The lines to reproduce run from the first one below to the line containing "using assms(1) by simp", both included. Reproduce them exactly and nothing else.

○ ○ ○ ○ ○

lemma antiperiod_gcd_iff:
  assumes "length w = n" "n > 0"
  shows "rotate j w = map Not w \<longleftrightarrow> even (n div gcd j n) \<and> rotate (gcd j n) w = map Not w"
proof -
  define g where "g = gcd j n"
  have period: "rotate (k * n) w = w" for k
    using assms(1) by simp
  have "map Not w \<noteq> w"
    using assms by (metis nth_map)
  have "n div g * j = j div g * n"
    unfolding g_def by (metis dvd_div_mult gcd_dvd1 gcd_dvd2 mult.commute div_mult_swap)
  have "rotate j w = map Not w \<longleftrightarrow> even (n div g) \<and> rotate g w = map Not w"
  proof
    assume anti: "rotate j w = map Not w"
    \<comment> \<open>rotating by \<open>n div g * j\<close>, a multiple of \<open>n\<close>, does nothing\<close>
    have "even (n div g)"
      using rotate_mult_antiperiod[OF anti, of "n div g"] period[of "j div g"] \<open>map Not w \<noteq> w\<close>
        \<open>n div g * j = j div g * n\<close> by (auto split: if_splits)
    \<comment> \<open>Bezout: \<open>x * j\<close> is \<open>g\<close> modulo \<open>n\<close>, and \<open>x\<close> is odd because \<open>n div g\<close> is even\<close>
    moreover obtain x y where xy: "j * x = n * y + g"
      using bezout_nat[of j n] anti \<open>map Not w \<noteq> w\<close> by (cases "j = 0") (auto simp: g_def)
    have "(j div g * x) * g = (n div g * y + 1) * g"
      using xy by (simp add: g_def algebra_simps)
    then have "j div g * x = n div g * y + 1"
      using assms(2) by (metis g_def mult_cancel_right gcd_eq_0_iff less_not_refl)
    with \<open>even (n div g)\<close> have "odd x"
      by (metis even_add even_mult_iff odd_one)
    moreover have "rotate (x * j) w = rotate g w"
      using xy period[of y] by (metis add.commute mult.commute rotate_rotate)
    ultimately show "even (n div g) \<and> rotate g w = map Not w"
      using rotate_mult_antiperiod[OF anti, of x] by simp
  next
    assume anti: "even (n div g) \<and> rotate g w = map Not w"
    moreover have "odd (j div g)"
      using anti assms(2) div_gcd_coprime[of j n] coprime_common_divisor[of "j div g" "n div g" 2]
      by (auto simp: g_def)
    ultimately show "rotate j w = map Not w"
      using rotate_mult_antiperiod[of g w "j div g"] by (simp add: g_def)
  qed
  then show ?thesis by (simp add: g_def)
qed

lemma append_concat_replicate_append:
  "y @ concat (replicate k (x @ y)) @ x = concat (replicate (Suc k) (y @ x))"
  by (induction k) auto

lemma rotate_concat_replicate:
  "rotate (length x) (concat (replicate k (x @ y))) = concat (replicate k (y @ x))"
proof (cases k)
  case (Suc m)
  then have "concat (replicate k (x @ y)) = x @ (y @ concat (replicate m (x @ y)))"
    by simp
  then show ?thesis
    using Suc by (simp only: rotate_append append_concat_replicate_append append_assoc)
qed simp

lemma rotate_concat_replicate_map_Not:
  "rotate (length x) (concat (replicate k (x @ map Not x)))
     = map Not (concat (replicate k (x @ map Not x)))"
  using rotate_concat_replicate[where x = x and y = "map Not x" and k = k]
  by (simp add: map_concat comp_def)
text \<open>Backtracking over these rules, interleaved with \<open>sum.cong\<close>, identifies two nested sums
  that differ only in the order of summation.\<close>

lemma sum_bring_to_front:
  "P \<Longrightarrow> P"
  "(\<Sum>b\<in>B. \<Sum>a\<in>A. f a b) = R \<Longrightarrow> (\<Sum>a\<in>A. \<Sum>b\<in>B. f a b) = R"
  "(\<Sum>c\<in>C. \<Sum>a\<in>A. \<Sum>b\<in>B. g a b c) = R \<Longrightarrow> (\<Sum>a\<in>A. \<Sum>b\<in>B. \<Sum>c\<in>C. g a b c) = R"
  "(\<Sum>d\<in>D. \<Sum>a\<in>A. \<Sum>b\<in>B. \<Sum>c\<in>C. h a b c d) = R \<Longrightarrow>
    (\<Sum>a\<in>A. \<Sum>b\<in>B. \<Sum>c\<in>C. \<Sum>d\<in>D. h a b c d) = R"
  by (assumption, simp only: sum.swap[where B = B], simp only: sum.swap[where B = C],
      simp only: sum.swap[where B = D])

text \<open>The arguments \<open>x, y, p, q, r\<close> stand for \<open>u\<^sub>x, u\<^sub>x\<^sub>x, p, p\<^sub>x, p\<^sub>x\<^sub>x\<close>, i.e. the jet coordinates
  \<open>a 1, a 2, b 0, b 1, b 2\<close>.\<close>

definition jet_poly ::
    "('n::finite \<Rightarrow> real) \<Rightarrow> ('n \<Rightarrow> 'n \<Rightarrow> real) \<Rightarrow> ('n \<Rightarrow> 'n \<Rightarrow> real) \<Rightarrow> ('n \<Rightarrow> 'n \<Rightarrow> 'n \<Rightarrow> real)
     \<Rightarrow> ('n \<Rightarrow> real) \<Rightarrow> ('n \<Rightarrow> real) \<Rightarrow> ('n \<Rightarrow> real) \<Rightarrow> ('n \<Rightarrow> real) \<Rightarrow> ('n \<Rightarrow> real) \<Rightarrow> real" where
  "jet_poly c1 c2 c3 c4 x y p q r =
     (\<Sum>j\<in>UNIV. c1 j * r j) + (\<Sum>j\<in>UNIV. \<Sum>m\<in>UNIV. c2 j m * x m * q j)
     + (\<Sum>j\<in>UNIV. \<Sum>m\<in>UNIV. c3 j m * y m * p j)
     + (\<Sum>j\<in>UNIV. \<Sum>m\<in>UNIV. \<Sum>l\<in>UNIV. c4 j m l * x m * x l * p j)"

definition coeff_pxx ::
    "('n::finite \<Rightarrow> 'n \<Rightarrow> ('n \<Rightarrow> real) \<Rightarrow> real) \<Rightarrow> ('n \<Rightarrow> 'n \<Rightarrow> ('n \<Rightarrow> real) \<Rightarrow> real)
     \<Rightarrow> 'n \<Rightarrow> ('n \<Rightarrow> real) \<Rightarrow> 'n \<Rightarrow> real" where
  "coeff_pxx V G i u j = (\<Sum>k\<in>UNIV. G i k u * V j k u) - (\<Sum>k\<in>UNIV. V i k u * G k j u)"

definition coeff_ux_px ::
    "('n::finite \<Rightarrow> 'n \<Rightarrow> ('n \<Rightarrow> real) \<Rightarrow> real) \<Rightarrow> ('n \<Rightarrow> 'n \<Rightarrow> ('n \<Rightarrow> real) \<Rightarrow> real)
     \<Rightarrow> ('n \<Rightarrow> 'n \<Rightarrow> 'n \<Rightarrow> ('n \<Rightarrow> real) \<Rightarrow> real) \<Rightarrow> 'n \<Rightarrow> ('n \<Rightarrow> real) \<Rightarrow> 'n \<Rightarrow> 'n \<Rightarrow> real" where
  "coeff_ux_px V G Gam i u j m = (\<Sum>k\<in>UNIV.
          pd (G i j) k u * V k m u
        + G i k u * (pd (V j k) m u - pd (V j m) k u)
        + G i k u * pd (V j k) m u
        + Gam i k m u * V j k u
        - pd (V i m) k u * G k j u
        - V i k u * pd (G k j) m u
        - V i k u * Gam k j m u)"

definition coeff_uxx_p ::
    "('n::finite \<Rightarrow> 'n \<Rightarrow> ('n \<Rightarrow> real) \<Rightarrow> real) \<Rightarrow> ('n \<Rightarrow> 'n \<Rightarrow> ('n \<Rightarrow> real) \<Rightarrow> real)
     \<Rightarrow> ('n \<Rightarrow> 'n \<Rightarrow> 'n \<Rightarrow> ('n \<Rightarrow> real) \<Rightarrow> real) \<Rightarrow> 'n \<Rightarrow> ('n \<Rightarrow> real) \<Rightarrow> 'n \<Rightarrow> 'n \<Rightarrow> real" where
  "coeff_uxx_p V G Gam i u j m = (\<Sum>k\<in>UNIV.
          G i k u * (pd (V j k) m u - pd (V j m) k u)
        + Gam i j k u * V k m u
        - Gam k j m u * V i k u)"

definition coeff_ux_ux_p ::
    "('n::finite \<Rightarrow> 'n \<Rightarrow> ('n \<Rightarrow> real) \<Rightarrow> real) \<Rightarrow> ('n \<Rightarrow> 'n \<Rightarrow> ('n \<Rightarrow> real) \<Rightarrow> real)
     \<Rightarrow> ('n \<Rightarrow> 'n \<Rightarrow> 'n \<Rightarrow> ('n \<Rightarrow> real) \<Rightarrow> real) \<Rightarrow> 'n \<Rightarrow> ('n \<Rightarrow> real) \<Rightarrow> 'n \<Rightarrow> 'n \<Rightarrow> 'n \<Rightarrow> real" where
  "coeff_ux_ux_p V G Gam i u j m l = (\<Sum>k\<in>UNIV.
          pd (Gam i j m) k u * V k l u
        + Gam i k m u * (pd (V j k) l u - pd (V j l) k u)
        + Gam i j k u * pd (V k m) l u
        + G i k u * (pd (pd (V j k) m) l u - pd (pd (V j m) k) l u)
        - pd (V i m) k u * Gam k j l u
        - V i k u * pd (Gam k j m) l u)"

○ ○ ○ ○ ○

• **RESULT BELOW**
lemma antiperiod_gcd_iff:
  assumes "length w = n" "n > 0"
  shows "rotate j w = map Not w \<longleftrightarrow> even (n div gcd j n) \<and> rotate (gcd j n) w = map Not w"
proof -
  define g where "g = gcd j n"
  have period: "rotate (k * n) w = w" for k
    using assms(1) by simp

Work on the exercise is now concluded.